BM, Ukrayna savaşının tüm dünyada nükleer silahlanma yarışını tırmandırdığını söylüyor. Fakat Ortadoğu'da nükleer yarış son 20 yılda hızlandı. Bölgesel güçlerden İran, ABD ambargosuna rağmen nükleer programını devam ettirdi. Rakibi Suudi Arabistan kendi santrallerini kurmak istiyor. Türkiye'yi yönetenler de rakipleri gibi bu çılgın yarışa katıldılar ve Rusya ile anlaştılar. Erdoğan yönetimi sadece Akkuyu'da değil Sinop ve başka bir noktada da üç nükleer kurmanın peşinde. Enerji üretimi açısından verimsiz, kurulması ve faaliyete geçirilmesi yıllar boyu süren, maliyeti her geçen gün artan ve güvenlik sorunları bir türlü çözülmeyen nükleer santrallar, nükleer silah için kuruluyor.

Mücadele etmeliyiz

Sosyalistler nükleere, pahalı, tehlikeli ve ölümcül olduğu için karşıdır. Tüm dünyada nükleer silahların ortadan kaldırılması ve felaket potansiyeli taşıyan santralların kapatılması için mücadele ediyoruz.
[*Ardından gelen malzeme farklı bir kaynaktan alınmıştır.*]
theorem theorem1:
  fixes L :: "cmat2 \<Rightarrow> cmat2" and ev :: "3 \<Rightarrow> complex"
  assumes lin: "clinear_map L"
    and tp: "\<forall>X. mtrace (L X) = 0"
    and schwarz: "\<forall>t::real. t \<ge> 0 \<longrightarrow> unital_schwarz (map_exp t (hs_dual L))"
    and eig: "char_poly3 (restr_T_matrix L) = (\<Prod>k\<in>UNIV. [:- ev k, 1:])"
  shows "\<forall>k. - Re (ev k) \<le> 2/3 * (\<Sum>j\<in>UNIV. - Re (ev j))"
proof -
  define F where "F = dual_map L"
  have F: "clinear_map F" "F (mat 1) = 0"
    using clinear_map_dual_map dual_map_one_eq_0 tp by (auto simp: F_def)
  have diss: "psd (dissipator F X)" for X
  proof (rule schwarz_semigroup_dissipator_psd[OF clinear_map_imp_bounded_linear[OF F(1)]])
    show "psd (map_exp t F (cadj X ** X) - cadj (map_exp t F X) ** map_exp t F X)" if "0 \<le> t" for t
      using schwarz that by (simp add: unital_schwarz_def hs_dual_eq_dual_map[OF lin] F_def)
  qed
  obtain s m where F_pauli: "\<And>k. F (pauli k) = bloch (s$k) (m$k)"
    using dissipative_pauli_images_bloch[OF F diss] by blast
  have M: "restr_T_matrix L = (\<chi> j k. of_real (m$j$k))"
    using restr_T_matrix_eq[OF lin] F_pauli by (simp add: F_def)
  have "2/3 * trace m * (w \<bullet> w) \<le> w \<bullet> (m *v w)" for w
    using quadratic_form_trace_bound[OF generator_cross_inequality[OF F F_pauli diss], where w = w]
    by (simp add: algebra_simps)
  then have Re_ev: "2/3 * trace m \<le> Re (ev k)" for k
    using det_eq_0_imp_eigenvector[OF char_poly3_root[OF eig]] Re_eigenvalue_ge unfolding M by metis
  have "(\<Sum>j\<in>UNIV. Re (ev j)) = trace m"
    using arg_cong[OF char_poly3_sum_roots[OF eig], of Re] by (simp add: M Re_sum trace_def)
  with Re_ev show ?thesis by (simp add: sum_negf)
qed

end
lemma standard_main_orbit_isolated:
  assumes mg: "manageable_groupoid G U r d m i" and std: "standard_wrt G U r d Xinf"
    and z: "z \<in> U - Xinf"
  shows "openin (subtopology G U) {z}"
proof -
  have etale: "etale_groupoid G U r d m i" and HG: "Hausdorff_space G" and cU: "compactin G U"
    using mg unfolding manageable_groupoid_def by auto
  note gp = groupoidD[OF etale_groupoidD(1)[OF etale]]
  have open_orbit: "openin (subtopology G U) (U - Xinf)"
    using standard_wrtD(1)[OF std] gp(1) by (metis closedin_def topspace_subtopology_subset)
  have orbit_top: "subtopology (subtopology G U) (U - Xinf) = subtopology G (U - Xinf)"
    by (simp add: subtopology_subtopology Int_absorb1)
  have "locally_compact_space (subtopology G (U - Xinf))"
    using locally_compact_space_open_subset[OF _ _ open_orbit] orbit_top HG cU
    by (metis Hausdorff_space_subtopology compact_imp_locally_compact_space compact_space_subtopology)
  moreover have "topspace (subtopology G (U - Xinf)) = U - Xinf"
    using gp(1) by auto
  ultimately obtain y where y: "y \<in> U - Xinf" "openin (subtopology G (U - Xinf)) {y}"
    using countable_locally_compact_Hausdorff_isolated_point[of "subtopology G (U - Xinf)"]
      standard_main_orbit_countable[OF etale std] HG Hausdorff_space_subtopology z
    by (metis empty_iff)
  then have "openin (subtopology G U) {y}"
    using openin_trans_full[OF _ open_orbit] orbit_top by metis
  moreover obtain \<xi> where "\<xi> \<in> topspace G" "r \<xi> = z" "d \<xi> = y"
    using standard_main_orbit_transitive[OF etale_groupoidD(1)[OF etale] std z y(1)] by blast
  ultimately show ?thesis
    using etale_openin_singleton_range[OF etale] etale_openin_singleton_arrow[OF etale] by metis
qed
Bir kez daha altını çizelim: Akkuyu'da mesele millileştirme değil, inşaatın durdurulması, Türkiye'nin nükleer proje ve planlarından vazgeçmesidir. Bunun için AKP iktidarını yenmek, yerine kurulabilecek bir başka sermaye iktidarını bu çılgınlıktan alıkoymak hayati bir mücadele başlığıdır. 

Sosyalistlere katılın, nükleersiz bir dünyayı birlikte yaratalım. Yenilenebilir enerji kaynakları sadece iklim krizine sebep olan fosil yakıtların değil nükleer enerjinin de tek alternatifidir.